# Profibus DP Bitrate in Industrienlage



## Beren (30 Juli 2009)

*gelöscht*


----------



## Larry Laffer (30 Juli 2009)

Hallo,
das hat in erster Linie etwas mit der Entfernung zu tun.
Ich habe da jetzt die einzelnen Werte nicht exakt in Erinnerung, aber bis 100 m Leitungslänge kannst du m.W. die volle Geschwindigkeit (12 MBit)realisieren. Danach fällt das dann recht schnell ...

Wie weit ist den "aus dem E-Raum heraus" ?

Gruß
LL


----------



## Ralle (30 Juli 2009)

Hier steht mehr zur Entfernung und Bitrate: http://www.sps-forum.de/showthread.php?t=6101&highlight=Entfernung+Profibus


----------



## jabba (30 Juli 2009)

Bei Siemens gabs es mal ein Programm , um die laufzeiten zu berechnen.
Wenn Du nicht viele Teilnehmer am Bus hast, bringen je nach Zykluszeit der CPU auch die 12MBit nicht viel.
Prinzipiell steigen die Störungen mit der Frequenz an. Bei 12Mbit müßen gerade die Stecker einwandfrei verarbeitet werden. Hatte mal ein Problem weil das Kabel zu stark geknickt war, schon gingen die 12Mbit nicht mehr.
Aber dir bleiben ja auch noch die 6MBit zur Auswahl.


----------



## Beren (30 Juli 2009)

*gelöscht*


----------



## Larry Laffer (31 Juli 2009)

... und ... was hast du nun vor ?


----------



## offliner (4 August 2009)

Wenn dir Schirme vernünftig aufgelegt sind, sollten 12 MBaud kein Problem darstellen...


----------



## Beren (6 August 2009)

*gelöscht*


----------



## Larry Laffer (6 August 2009)

Mich hatte jetzt eigentlich mehr interessiert, ob du das mit dem PB machst oder auf deinen Chef hörst, der ja sagte, dass es nicht gehen würde ?
Immer dran denken : No Risk - no Fun ...


----------



## Beren (6 August 2009)

*gelöscht*


----------



## Sensor_People (16 August 2009)

*Blasgrau ist alle Theorie...*

noch Blassgrauer als mein Schriftild hier ;-)

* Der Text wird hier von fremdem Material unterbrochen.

lemma conv_dil_lower_bound:
  fixes a :: "real \<Rightarrow> real"
  assumes S: "schwartz \<phi>" and a: "a \<in> borel_measurable borel"
    and supp: "\<And>y. a y \<noteq> 0 \<Longrightarrow> y \<in> {-R..R}" and abound: "\<And>y. \<bar>a y\<bar> \<le> K"
    and mom: "\<And>l. l < n \<Longrightarrow> moment a l = (if l = n - 1 then \<mu> else 0)"
    and Mbound: "\<And>x. cmod (iter_vderiv \<phi> n x) \<le> M"
    and "n \<ge> 1" "R \<ge> 0" "t > 0"
  shows "(cmod (iter_vderiv \<phi> (n - 1) s) * \<bar>\<mu>\<bar> / (fact (n - 1) * t ^ (n - 1)) - 2 * K * M * R ^ (n + 1) / t ^ n) / t
    \<le> cmod (conv_dil a \<phi> t (s * t))"
proof -
  define z where "z = iter_vderiv \<phi> (n - 1) s"
  \<comment> \<open>Rotating by w makes the leading Taylor coefficient real and equal to cmod z, so the
    real Taylor formula applies to Re (w * \<phi>).\<close>
  define w where "w = cnj z / of_real (cmod z)"
  define g where "g m x = Re (w * iter_vderiv \<phi> m x)" for m x
  have w: "cmod w \<le> 1" by (simp add: w_def norm_divide divide_le_eq_1)
  have rot: "bounded_linear (\<lambda>u. Re (w * u))"
    by (intro bounded_linear_compose[OF bounded_linear_Re] bounded_linear_mult_right)
  have deriv: "DERIV (g m) x :> g (Suc m) x" for m x
    unfolding has_real_derivative_iff_has_vector_derivative g_def
    using bounded_linear.has_vector_derivative[OF rot schwartz_has_vector_derivative[OF S]] by simp
  have gbound: "\<bar>g n x\<bar> \<le> M" for x
    using Re_mult_le_cmod[OF w] Mbound order_trans unfolding g_def by blast
  have g_s: "g (n - 1) s = cmod z"
  proof -
    have "w * z = of_real ((cmod z)\<^sup>2) / of_real (cmod z)"
      unfolding complex_norm_square by (simp add: w_def mult.commute)
    then show ?thesis by (simp add: g_def z_def power2_eq_square)
  qed
  have re: "Re (w * conv_dil a \<phi> t (s * t)) = (LINT y|lborel. a y * g 0 (s - y / t)) / t"
  proof -
    have "continuous_on UNIV \<phi>" using schwartz_continuous_on[OF S, of 0] by simp
    then have "continuous_on UNIV (\<lambda>y. \<phi> (s - y / t))"
      by (rule continuous_on_compose2[of UNIV]) (use \<open>t > 0\<close> in \<open>auto intro!: continuous_intros\<close>)
    from integrable_bounded_support_mult[OF a supp abound this]
    have "integrable lborel (\<lambda>y. of_real (a y) * \<phi> (s - y / t))"
      by (simp add: scaleR_conv_of_real)
    from integral_bounded_linear[OF rot this] show ?thesis
      using \<open>t > 0\<close> by (simp add: conv_dil_at_scaled g_def algebra_simps)
  qed
  have upper: "\<bar>LINT y|lborel. a y * g 0 (s - y / t)\<bar> / t \<le> cmod (conv_dil a \<phi> t (s * t))"
    using Re_mult_le_cmod[OF w, of "conv_dil a \<phi> t (s * t)"] \<open>t > 0\<close> unfolding re
    by (simp add: abs_divide)
  have lower: "cmod z * \<bar>\<mu>\<bar> / (fact (n - 1) * t ^ (n - 1)) - 2 * K * M * R ^ (n + 1) / t ^ n
      \<le> \<bar>LINT y|lborel. a y * g 0 (s - y / t)\<bar>"
  proof -
    have main: "\<bar>g (n - 1) s / fact (n - 1) * (-1 / t) ^ (n - 1) * \<mu>\<bar> = cmod z * \<bar>\<mu>\<bar> / (fact (n - 1) * t ^ (n - 1))"
      unfolding g_s using \<open>t > 0\<close> by (simp add: abs_mult power_abs power_one_over)
    have est: "\<bar>(LINT y|lborel. a y * g 0 (s - y / t)) - g (n - 1) s / fact (n - 1) * (-1 / t) ^ (n - 1) * \<mu>\<bar>
        \<le> 2 * K * M * R ^ (n + 1) / t ^ n"
      by (rule moment_taylor_estimate[OF deriv gbound a supp abound mom assms(7-9)])
    have tri: "\<bar>m\<bar> - Q \<le> \<bar>L\<bar>" if "\<bar>L - m\<bar> \<le> Q" for L m Q :: real
      using that abs_triangle_ineq2[of m L] abs_minus_commute[of m L] by linarith
    show ?thesis using tri[OF est] unfolding main .
  qed
  show ?thesis
    using order_trans[OF divide_right_mono[OF lower] upper] \<open>t > 0\<close> by (simp add: z_def)
qed

lemma ennreal_powr_le_enn_powr:
  assumes "ennreal r \<le> y" "0 \<le> r" "0 < q"
  shows "ennreal (r powr q) \<le> enn_powr y q"
proof (cases "y = top")
  case False
  then have "r \<le> enn2real y"
    using assms enn2real_mono[of "ennreal r" y] by (simp add: top.not_eq_extremum)
  then show ?thesis using False assms by (simp add: enn_powr_def powr_mono2)
qed (simp add: enn_powr_def)

lemma ennreal_le_one_plus_enn_powr:
  assumes "ennreal J \<le> X" "0 \<le> J" "1 \<le> q"
  shows "ennreal J \<le> 1 + enn_powr X q"
proof (cases "X = top")
  case False
  define x where "x = enn2real X"
  have "J \<le> x"
    using assms False enn2real_mono[of "ennreal J" X] by (simp add: x_def top.not_eq_extremum)
  moreover have "x \<le> 1 + x powr q"
  proof (cases "x \<ge> 1")
    case True
    then have "x powr 1 \<le> x powr q" using assms by (intro powr_mono) auto
    with True show ?thesis by simp
  qed (use powr_ge_zero[of x q] in linarith)
  ultimately have "ennreal J \<le> ennreal (1 + x powr q)"
    by (intro ennreal_leI) linarith
  then show ?thesis using False by (simp add: enn_powr_def x_def ennreal_plus)
qed (simp add: enn_powr_def)

lemma nn_integral_reciprocal_dilated:
  fixes s D T0 T1 :: real
  assumes "0 < T0" "T0 \<le> T1" "s \<noteq> 0" "D \<ge> 0"
  shows "(\<integral>\<^sup>+ x. ennreal (indicator {T0..T1} (x / s) * (D / (x / s))) \<partial>lborel)
    = ennreal (\<bar>s\<bar> * (D * (ln T1 - ln T0)))"
proof -
  have "((\<lambda>y. D / y) has_integral (D * ln T1 - D * ln T0)) {T0..T1}"
  proof (rule fundamental_theorem_of_calculus)
    fix x assume "x \<in> {T0..T1}"
    then have "((\<lambda>y. D * ln y) has_real_derivative D * (1 / x)) (at x)"
      using assms by (auto intro!: derivative_eq_intros)
    then show "((\<lambda>y. D * ln y) has_vector_derivative D / x) (at x within {T0..T1})"
      by (simp add: has_real_derivative_iff_has_vector_derivative[symmetric] has_field_derivative_at_within)
  qed fact
  then have "(\<integral>\<^sup>+ y. ennreal (indicator {T0..T1} y * (D / y)) \<partial>lborel) = ennreal (D * (ln T1 - ln T0))"
    using assms by (intro nn_integral_has_integral_lebesgue) (auto simp: algebra_simps)
  moreover have "(\<integral>\<^sup>+ x. ennreal (indicator {T0..T1} (x / s) * (D / (x / s))) \<partial>lborel)
      = \<bar>s\<bar> * (\<integral>\<^sup>+ y. ennreal (indicator {T0..T1} y * (D / y)) \<partial>lborel)"
    using nn_integral_real_affine[of "\<lambda>x. ennreal (indicator {T0..T1} (x / s) * (D / (x / s)))" s 0] assms
    by simp
  moreover have "0 \<le> D * (ln T1 - ln T0)" using assms by simp
  ultimately show ?thesis by (simp add: ennreal_mult)
qed

lemma nn_integral_powr_lower_log:
  fixes F :: "real \<Rightarrow> ennreal"
  assumes "k \<ge> 1" "s \<noteq> 0" "0 < T0" "T0 \<le> 1 / 2" "B \<ge> 0"
    and lower: "\<And>t. t \<in> {T0..1 / 2} \<Longrightarrow> ennreal (B / t ^ k) \<le> F (s * t)"
  shows "ennreal (\<bar>s\<bar> * (B powr (1 / k) * (ln (1 / 2) - ln T0))) \<le> (\<integral>\<^sup>+ x. enn_powr (F x) (1 / k) \<partial>lborel)"
proof -
  have "ennreal (indicator {T0..1 / 2} (x / s) * (B powr (1 / k) / (x / s))) \<le> enn_powr (F x) (1 / k)" for x
  proof (cases "x / s \<in> {T0..1 / 2}")
    case True
    define t where "t = x / s"
    have t: "t \<in> {T0..1 / 2}" "t > 0" using True assms unfolding t_def by auto
    have "(B / t ^ k) powr (1 / k) = B powr (1 / k) / t"
      using t assms by (simp add: powr_divide powr_realpow[symmetric] powr_powr)
    moreover have "ennreal ((B / t ^ k) powr (1 / k)) \<le> enn_powr (F x) (1 / k)"
      using lower[OF t(1)] t assms by (intro ennreal_powr_le_enn_powr) (auto simp: t_def)
    ultimately show ?thesis using True by (simp add: t_def)
  qed simp
  then have "(\<integral>\<^sup>+ x. ennreal (indicator {T0..1 / 2} (x / s) * (B powr (1 / k) / (x / s))) \<partial>lborel)
      \<le> (\<integral>\<^sup>+ x. enn_powr (F x) (1 / k) \<partial>lborel)"
    by (intro nn_integral_mono)
  then show ?thesis using nn_integral_reciprocal_dilated[of T0 "1 / 2" s "B powr (1 / k)"] assms by simp
qed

Therorie und Praxis sind sich manchmals gegenseitig ein Dorn.

So gibt es für längere Distanzen als die 100m, auch (optische) Freiraumdatenübetragungen, dieses sind jedoch aus pysikalischem Grund in der Übertragungsgeschwindigkeit ein wenig eingeschränkt.
Meines Wissens ist hier die DDLS200 oder ISD300 von Leuze oder SIck das bewärte, aber beide Geräte sind auf 1,5MBd, begrenzt. bieten aber dafür bis 300m Reichweite die gesamte Bandbreite und eine saubere Datenübetragung. VOn Sich gibt es einen neue oprische Datenlichtschrenke, die meines WIssesn sogar die 3Mbd kann, dann sit aber derzeit Ende Gelände.

So, nun ein Wort aus der Praxis für die Kabelgebundene Lösung: je höher die Baudrate, desto sauberer muss die Kabelführung, udn Verdrahtung sein, bei 12MBd werden keine Schlampereien 'belohnt' es kommt zu signifikaten Störungen auf dem Bus.
Ich würde bei einer Übertragungsgeschwindigeit von 500Mbd oder 1,5Mbd bleiben.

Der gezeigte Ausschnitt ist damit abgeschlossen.